Task statement - Search each line below for "unfolding", then return the lines where it appears.
******************************
(* Let $\mathcal A_{\theta(P)}$ be a set of tuples $(P_1,\dots,P_k)$ each satisfying $\mathcal H_{\theta(P)}$. Suppose that for each $(P_1,\dots,P_k)\in\mathcal A_{\theta(P)}$ the limits $R_T(x,P)$ and $H_T(x,P)$ are continuous and strictly increasing in $x$, and that the estimator $F_{T_n}$ satisfies $$\sup_{x\in\mathbb R}|F_{T_n}(x,\hat P)-H_{T_n}(x,P)|\to0,\qquad \sup_{x\in\mathbb R}|F_{T_n}(x,\hat P_\Pi)-R_{T_n}(x,\hat P)|\to0$$ in probability as $n\to\infty$. Then for each element of $\mathcal A_{\theta(P)}$, $$\sup_{x\in\mathbb R}|H_{F_n}(x,P)-U(x)|\to0,\qquad \sup_{x\in\mathbb R}|R_{F_n}(x,\hat P)-U(x)|\to0$$ in probability, where $U$ is the distribution function of the uniform distribution on $[0,1]$.
   Context: Setting: $P_1,\dots,P_k$ are distributions on $\mathbb R^{d_P}$; for each $i$, $X_{i1},\dots,X_{in_i}$ are i.i.d. $P_i$, samples jointly independent, $n=\sum n_i$ with $n_i/n\to p_i\in(0,1)$. $Z$ is the $n\times d_P$ matrix stacking the samples (sample $i$ occupying the row index block $\mathcal I_i$). For a permutation $\pi$ of $\{1,\dots,n\}$, $Z_\pi$ is $Z$ with $j$th row replaced by its $\pi(j)$th row, $Z_{\pi i}$ the rows of $Z_\pi$ indexed by $\mathcal I_i$, $\hat P_{\pi i}$ the empirical distribution of $Z_{\pi i}$, $\hat P_\pi=(\hat P_{\pi1},\dots,\hat P_{\pi k})$, $\hat P=\hat P_{\mathrm{id}}$. $\Pi$ is uniform over all $n!$ permutations and independent of $Z$. For a $d$-dimensional functional $\theta$, $\mathcal H_{\theta(P)}$ is the hypothesis $\theta_\ell(P_1)=\dots=\theta_\ell(P_k)$ for all $\ell$. $T_n$ is a real-valued statistic (function of an $n\times d_P$ data matrix); $H_{T_n}(x,P)=\Pr\{T_n(Z)\le x\}$; its permutation distribution is $R_{T_n}(x,\hat P)=\frac1{n!}\sum_\pi1\{T_n(Z_\pi)\le x\}$. $H_T(x,P)$ is the limiting distribution function of $T_n(Z)$ and $R_T(x,P)$ is the probability limit of $R_{T_n}(x,\hat P)$ (at continuity points). $F_{T_n}(x,\hat P_\pi)$ is an estimate of a distribution function, computed from $Z_\pi$. $H_{F_n}(x,P)=\Pr[F_{T_n}\{T_n(Z),\hat P\}\le x]$ and $R_{F_n}(x,\hat P)=\frac1{n!}\sum_\pi 1[F_{T_n}\{T_n(Z_\pi),\hat P_\pi\}\le x]=\Pr[F_{T_n}\{T_n(Z_\Pi),\hat P_\Pi\}\le x\mid Z]$. *)

theory Defs
  imports "HOL-Probability.Probability" "HOL-Combinatorics.Permutations"
begin

text \<open>Row index block of sample i at stage n (0-based): rows
  S_i, ..., S_i + n_i - 1 with S_i = n_0 + ... + n_(i-1).\<close>
definition block :: "(nat \<Rightarrow> nat \<Rightarrow> nat) \<Rightarrow> nat \<Rightarrow> nat \<Rightarrow> nat set" where
  "block ns n i = {(\<Sum>j<i. ns n j) ..< (\<Sum>j<i. ns n j) + ns n i}"

definition grp :: "nat \<Rightarrow> (nat \<Rightarrow> nat \<Rightarrow> nat) \<Rightarrow> nat \<Rightarrow> nat \<Rightarrow> nat" where
  "grp k ns n j = (THE i. i < k \<and> j \<in> block ns n i)"

definition sample_law ::
  "(nat \<Rightarrow> (real^'d) measure) \<Rightarrow> nat \<Rightarrow> (nat \<Rightarrow> nat \<Rightarrow> nat) \<Rightarrow> nat \<Rightarrow> (nat \<Rightarrow> real^'d) measure" where
  "sample_law P k ns n = PiM {..<n} (\<lambda>j. P (grp k ns n j))"

definition emp :: "nat \<Rightarrow> (nat \<Rightarrow> nat \<Rightarrow> nat) \<Rightarrow> nat \<Rightarrow> (nat \<Rightarrow> real^'d) \<Rightarrow> nat \<Rightarrow> (real^'d) pmf" where
  "emp k ns n Z i = (if i < k then pmf_of_multiset (image_mset Z (mset_set (block ns n i)))
                     else return_pmf undefined)"

definition perms :: "nat \<Rightarrow> (nat \<Rightarrow> nat) set" where
  "perms n = {\<pi>. \<pi> permutes {..<n}}"

definition perm_law :: "nat \<Rightarrow> (nat \<Rightarrow> nat) measure" where
  "perm_law n = measure_pmf (pmf_of_set (perms n))"

definition H_Tn where
  "H_Tn P k ns (T :: nat \<Rightarrow> (nat \<Rightarrow> real^'d) \<Rightarrow> real) n x =
     measure (sample_law P k ns n) {Z \<in> space (sample_law P k ns n). T n Z \<le> x}"

definition R_Tn :: "(nat \<Rightarrow> (nat \<Rightarrow> real^'d) \<Rightarrow> real) \<Rightarrow> nat \<Rightarrow> (nat \<Rightarrow> real^'d) \<Rightarrow> real \<Rightarrow> real" where
  "R_Tn T n Z x = (\<Sum>\<pi>\<in>perms n. if T n (Z \<circ> \<pi>) \<le> x then 1 else 0) / fact n"

definition H_Fn where
  "H_Fn P k ns (T :: nat \<Rightarrow> (nat \<Rightarrow> real^'d) \<Rightarrow> real)
        (F :: nat \<Rightarrow> real \<Rightarrow> (nat \<Rightarrow> (real^'d) pmf) \<Rightarrow> real) n x =
     measure (sample_law P k ns n)
       {Z \<in> space (sample_law P k ns n). F n (T n Z) (emp k ns n Z) \<le> x}"

definition R_Fn where
  "R_Fn k ns (T :: nat \<Rightarrow> (nat \<Rightarrow> real^'d) \<Rightarrow> real)
        (F :: nat \<Rightarrow> real \<Rightarrow> (nat \<Rightarrow> (real^'d) pmf) \<Rightarrow> real) n Z x =
     (\<Sum>\<pi>\<in>perms n. if F n (T n (Z \<circ> \<pi>)) (emp k ns n (Z \<circ> \<pi>)) \<le> x then 1 else 0) / fact n"

definition unif_cdf :: "real \<Rightarrow> real" where
  "unif_cdf x = max 0 (min 1 x)"

text \<open>Convergence in probability of X n to the constant c (M n the law at stage n),
  formulated with measurable sets of high probability (outer probability), so that
  it coincides with the usual notion whenever the events involved are measurable.\<close>
definition conv_prob :: "(nat \<Rightarrow> 'a measure) \<Rightarrow> (nat \<Rightarrow> 'a \<Rightarrow> real) \<Rightarrow> real \<Rightarrow> bool" where
  "conv_prob M X c \<longleftrightarrow> (\<forall>e>0. \<forall>\<delta>>0. eventually (\<lambda>n.
      \<exists>A\<in>sets (M n). measure (M n) A \<ge> 1 - \<delta> \<and> (\<forall>z\<in>A. \<bar>X n z - c\<bar> \<le> e)) sequentially)"

definition sup_conv_prob :: "(nat \<Rightarrow> 'a measure) \<Rightarrow> (nat \<Rightarrow> 'a \<Rightarrow> real \<Rightarrow> real) \<Rightarrow> bool" where
  "sup_conv_prob M G \<longleftrightarrow> (\<forall>e>0. \<forall>\<delta>>0. eventually (\<lambda>n.
      \<exists>A\<in>sets (M n). measure (M n) A \<ge> 1 - \<delta> \<and> (\<forall>z\<in>A. \<forall>x. \<bar>G n z x\<bar> \<le> e)) sequentially)"

end

theory Submission
  imports Defs
begin

(* If G is a continuous, strictly increasing distribution function and the law of W is uniformly
   close to G, then the law of G(W) is uniformly close to the uniform distribution on [0,1].
   Pointwise convergence of distribution functions to such a G is uniform (Polya), so
   F_{T_n}(T_n(Z), P-hat) is uniformly close to H_T(T_n(Z)) outside an event of small probability,
   which gives the claim for H_{F_n}. For R_{F_n} the same argument runs conditionally on the data Z,
   with the uniform law of the permutation in place of the law of Z; by Fubini and Markov's
   inequality, for most Z only few permutations are exceptional. *)

definition cont_strict_cdf :: "(real \<Rightarrow> real) \<Rightarrow> bool" where
  "cont_strict_cdf G \<longleftrightarrow>
     strict_mono G \<and> continuous_on UNIV G \<and> (G \<longlongrightarrow> 0) at_bot \<and> (G \<longlongrightarrow> 1) at_top"

lemma cont_strict_cdf_bounds:
  assumes "cont_strict_cdf G"
  shows "0 < G x" "G x < 1"
proof -
  have sm: "strict_mono G" and l0: "(G \<longlongrightarrow> 0) at_bot" and l1: "(G \<longlongrightarrow> 1) at_top"
    using assms by (auto simp: cont_strict_cdf_def)
  have "eventually (\<lambda>y. G y \<le> G (x - 1)) at_bot"
    unfolding eventually_at_bot_linorder using sm by (auto simp: strict_mono_less_eq)
  then have "0 \<le> G (x - 1)"
    using l0 by (intro tendsto_upperbound) auto
  have "eventually (\<lambda>y. G (x + 1) \<le> G y) at_top"
    unfolding eventually_at_top_linorder using sm by (auto simp: strict_mono_less_eq)
  then have "G (x + 1) \<le> 1"
    using l1 by (intro tendsto_lowerbound) auto
  show "0 < G x" "G x < 1"
    using \<open>0 \<le> G (x - 1)\<close> \<open>G (x + 1) \<le> 1\<close>
      strict_monoD[OF sm, of "x - 1" x] strict_monoD[OF sm, of x "x + 1"] by auto
qed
******************************
Completed exercise -
    unfolding eventually_at_bot_linorder using sm by (auto simp: strict_mono_less_eq)
    unfolding eventually_at_top_linorder using sm by (auto simp: strict_mono_less_eq)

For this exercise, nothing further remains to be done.